System call and library call

L

leoman730

This is one of the interview question this morning, hope someone can
help out with this. Thanks.
What is the different between System call and library call?
 
R

red floyd

leoman730 said:
This is one of the interview question this morning, hope someone can
help out with this. Thanks.
What is the different between System call and library call?

Here's another question. What's your C++ *language* question?
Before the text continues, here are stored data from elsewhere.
lemma teval_linear_slot:
  assumes p: "p < length Xs" and S: "finite S"
  shows "teval N T y (Xs[p := (\<lambda>n. \<Sum>b\<in>S. c b * Y b n)]) = (\<Sum>b\<in>S. c b * teval N T y (Xs[p := Y b]))"
proof -
  have split_slot: "(\<Prod>q<length Xs. ((Xs[p := Z]) ! q) (is ! q)) =
      Z (is ! p) * (\<Prod>q\<in>{..<length Xs} - {p}. (Xs ! q) (is ! q))" for Z "is"
  proof -
    have "(\<Prod>q<length Xs. ((Xs[p := Z]) ! q) (is ! q)) =
        ((Xs[p := Z]) ! p) (is ! p) * (\<Prod>q\<in>{..<length Xs} - {p}. ((Xs[p := Z]) ! q) (is ! q))"
      using p by (subst prod.remove[of _ p]) auto
    also have "\<dots> = Z (is ! p) * (\<Prod>q\<in>{..<length Xs} - {p}. (Xs ! q) (is ! q))"
      using p by (auto intro!: prod.cong)
    finally show ?thesis .
  qed
  show ?thesis
    unfolding teval_def length_list_update split_slot
    by (simp add: sum_distrib_right sum_distrib_left mult.assoc mult.left_commute sum.swap[of _ S])
qed

lemma teval_diagonal_indicator:
  assumes "i < N"
  shows "teval N (\<lambda>y is. if \<forall>x\<in>set is. x = i then 1 else 0) y Ys = (\<Prod>Y\<leftarrow>Ys. Y i)"
proof (induction Ys)
  case Nil
  then show ?case by (simp add: teval_Nil)
next
  case (Cons Y Ys)
  have "teval N (\<lambda>y is. if \<forall>x\<in>set is. x = i then 1 else 0) y (Y # Ys)
      = (\<Sum>a<N. if a = i then Y i * teval N (\<lambda>y is. if \<forall>x\<in>set is. x = i then 1 else 0) y Ys else 0)"
    unfolding teval_Cons by (rule sum.cong[OF refl]) (simp add: teval_def)
  also have "\<dots> = Y i * (\<Prod>Y\<leftarrow>Ys. Y i)" using assms Cons by simp
  finally show ?case by simp
qed

lemma gval_linear_right:
  "finite S \<Longrightarrow> gval N g y X (\<lambda>n. \<Sum>b\<in>S. c b * Y b n) = (\<Sum>b\<in>S. c b * gval N g y X (Y b))"
  unfolding gval_def
  by (simp add: sum_distrib_left sum_distrib_right mult.assoc mult.left_commute sum.swap[of _ S])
As to your first, try Google or Wikipedia.
 
B

blytkerchan

This is one of the interview question this morning, hope someone can
help out with this. Thanks.
What is the different between System call and library call?
C++ doesn't know about a "system". It knows about an abstract machine,
though, and as such knows about volatile variables and I/O operations.
In that sense, you could call "something that has an effect on the
abstract machine" (i.e reading or writing a volatile variable or
performing an I/O operation) a "system call", whereas any other
function call could be coined "library call" assuming the function in
question is implemented in a library of some sort.
For one thing, as the effects of a program are defined in terms of
effects on the abstract machine, "system" calls as described above
cannot be optimized away whereas anything else could.

rlc
 
J

Jim Langston

leoman730 said:
This is one of the interview question this morning, hope someone can
help out with this. Thanks.
What is the different between System call and library call?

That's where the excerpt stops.